Hi,
In <CAH5mb98Dq7ssrQq9n5yW3G1YznH=Q7VvOZ20uhG7Vxg33ZBLDg@mail.gmail.com>
"Re: Columnar format export in Postgres" on Thu, 13 Jun 2024 22:30:24 +0530,
Sushrut Shivaswamy <sushrut.shivaswamy@gmail.com> wrote:
> - To facilitate efficient querying it would help to export multiple
> parquet files for the table instead of a single file.
> Having multiple files allows queries to skip chunks if the key range in
> the chunk does not match query filter criteria.
> Even within a chunk it would help to be able to configure the size of a
> row group.
> - I'm not sure how these parameters will be exposed within `COPY TO`.
> Or maybe the extension implementing the `COPY TO` handler will
> allow this configuration?
Yes. But adding support for custom COPY TO options is
out-of-scope in the first version. We will focus on only the
minimal features in the first version.
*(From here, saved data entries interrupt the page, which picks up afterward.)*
lemma le_Theta_iff:
  assumes sk: "\<And>k. 0 \<le> sk p \<delta> k" and t: "sk p \<delta> 0 \<le> t" "ereal t < theta_inf p \<delta>"
  shows "k \<le> Theta p \<delta> t \<longleftrightarrow> theta p \<delta> k \<le> t"
proof -
  have "theta_inf p \<delta> = (SUP n. \<Sum>i<n. ereal (sk p \<delta> i))"
    unfolding theta_inf_def by (rule suminf_ereal_eq_SUP) (simp add: sk)
  with t obtain N where N: "ereal t < (\<Sum>i<N. ereal (sk p \<delta> i))"
    by (auto simp: less_SUP_iff)
  with t sk[of 0] obtain N' where "N = Suc N'" by (cases N) auto
  with N have "t < theta p \<delta> N'" by (simp add: theta_def lessThan_Suc_atMost)
  hence bounded: "k' < N'" if "theta p \<delta> k' \<le> t" for k'
    using that monoD[OF mono_theta[OF sk], of N' k'] by (meson linorder_not_le order.strict_trans2)
  have "theta p \<delta> 0 \<le> t" using t by (simp add: theta_def)
  hence "theta p \<delta> (Theta p \<delta> t) \<le> t"
    unfolding Theta_def by (rule GreatestI_nat) (use bounded in \<open>auto intro: less_imp_le\<close>)
  moreover have "k \<le> Theta p \<delta> t" if "theta p \<delta> k \<le> t"
    unfolding Theta_def by (rule Greatest_le_nat[of _ k N']) (use that bounded in \<open>auto intro: less_imp_le\<close>)
  ultimately show ?thesis
    using monoD[OF mono_theta[OF sk], of k "Theta p \<delta> t"] by auto
qed

lemma (in prob_space) sums_prob_nat_greater:
  assumes Z: "Z \<in> measurable M (count_space UNIV)"
  shows "(\<lambda>i. prob {\<omega> \<in> space M. Z \<omega> = Suc k + i}) sums prob {\<omega> \<in> space M. k < Z \<omega>}"
proof -
  have "(\<Union>i. {\<omega> \<in> space M. Z \<omega> = Suc k + i}) = {\<omega> \<in> space M. k < Z \<omega>}"
  proof safe
    fix \<omega> assume "\<omega> \<in> space M" "k < Z \<omega>"
    thus "\<omega> \<in> (\<Union>i. {\<omega> \<in> space M. Z \<omega> = Suc k + i})" by (intro UN_I[of "Z \<omega> - Suc k"]) auto
  qed auto
  moreover have "(\<lambda>i. prob {\<omega> \<in> space M. Z \<omega> = Suc k + i})
      sums prob (\<Union>i. {\<omega> \<in> space M. Z \<omega> = Suc k + i})"
  proof (rule finite_measure_UNION)
    show "range (\<lambda>i. {\<omega> \<in> space M. Z \<omega> = Suc k + i}) \<subseteq> events"
      using measurable_sets[OF Z, of "{Suc k + _}"] by (auto simp: vimage_def Int_def conj_commute)
  qed (auto simp: disjoint_family_on_def)
  ultimately show ?thesis by simp
qed

context prob_space
begin

context
  fixes Z :: "'a \<Rightarrow> nat" and p :: "nat \<Rightarrow> real"
  assumes Z: "Z \<in> measurable M (count_space UNIV)"
    and p: "\<And>k. p k = prob {\<omega> \<in> space M. Z \<omega> = k}"
begin

lemma yz_eq_prob_greater: "yz p (int k) = prob {\<omega> \<in> space M. k < Z \<omega>}"
  using sums_unique[OF sums_prob_nat_greater[OF Z, of k]] by (simp add: yz_def p)

lemma summable_distribution: "summable p"
  using sums_summable[OF sums_prob_nat_greater[OF Z, of 0]] summable_Suc_iff[of p] by (simp add: p)

lemma sk_nonneg_distribution: "0 \<le> sk p \<delta> k"
  by (rule sk_nonneg[OF _ summable_distribution]) (simp add: p)

lemma yTheta_eq_prob_theta_greater:
  fixes \<delta> :: int
  defines "tail \<equiv> \<lambda>t. prob {\<omega> \<in> space M. t < theta p \<delta> (Z \<omega>)}"
  shows "yTheta p \<delta> tail t = tail t"
proof (cases "sk p \<delta> 0 \<le> t \<and> ereal t < theta_inf p \<delta>")
  case True
  hence "{\<omega> \<in> space M. t < theta p \<delta> (Z \<omega>)} = {\<omega> \<in> space M. Theta p \<delta> t < Z \<omega>}"
    using le_Theta_iff[OF sk_nonneg_distribution] by (auto simp flip: not_le)
  thus ?thesis using True by (simp add: yTheta_def tail_def yz_eq_prob_greater)
qed (auto simp: yTheta_def)

end

end

locale iid_sequence = prob_space M for M :: "'a measure" and X :: "nat \<Rightarrow> 'a \<Rightarrow> 'b" +
  assumes measurable_X: "\<And>i. i \<ge> 1 \<Longrightarrow> X i \<in> measurable M (count_space UNIV)"
    and indep_X: "indep_vars (\<lambda>_. count_space UNIV) X {1..}"
    and distr_X: "\<And>i. i \<ge> 1 \<Longrightarrow> distr M (count_space UNIV) (X i) = distr M (count_space UNIV) (X 1)"
begin

lemma sets_Collect_X: "i \<ge> 1 \<Longrightarrow> {\<omega> \<in> space M. P (X i \<omega>)} \<in> events"
  using measurable_sets[OF measurable_X, of i "{k. P k}"] by (simp add: vimage_def Int_def conj_commute)

lemma prob_X_eq_prob_X1:
  assumes "i \<ge> 1"
  shows "prob {\<omega> \<in> space M. P (X i \<omega>)} = prob {\<omega> \<in> space M. P (X 1 \<omega>)}"
proof -
  have "prob {\<omega> \<in> space M. P (X j \<omega>)} = measure (distr M (count_space UNIV) (X j)) {k. P k}"
    if "j \<ge> 1" for j
    using measurable_X[OF that] by (subst measure_distr) (auto intro!: arg_cong[where f = prob])
  thus ?thesis using assms distr_X[OF assms] by simp
qed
We can improve it
later based on use-cases.
See also: https://www.postgresql.org/message-id/20240131.141122.279551156957581322.kou%40clear-code.com
> - Regarding using file_fdw to read Apache Arrow and Apache Parquet file
> because file_fdw is based on COPY FROM:
> - I'm not too clear on this. file_fdw seems to allow creating a table
> from data on disk exported using COPY TO.
Correct.
> But is the newly created table still using the data on disk(maybe in
> columnar format or csv) or is it just reading that data to create a row
> based table.
The former.
> I'm not aware of any capability in the postgres planner to read
> columnar files currently without using an extension like parquet_fdw.
Correct. We still need another approach such as parquet_fdw
with the COPY format extensible feature to optimize query
against Apache Parquet data. file_fdw can just read Apache
Parquet data by SELECT. Sorry for confusing you.
Thanks,
--
kou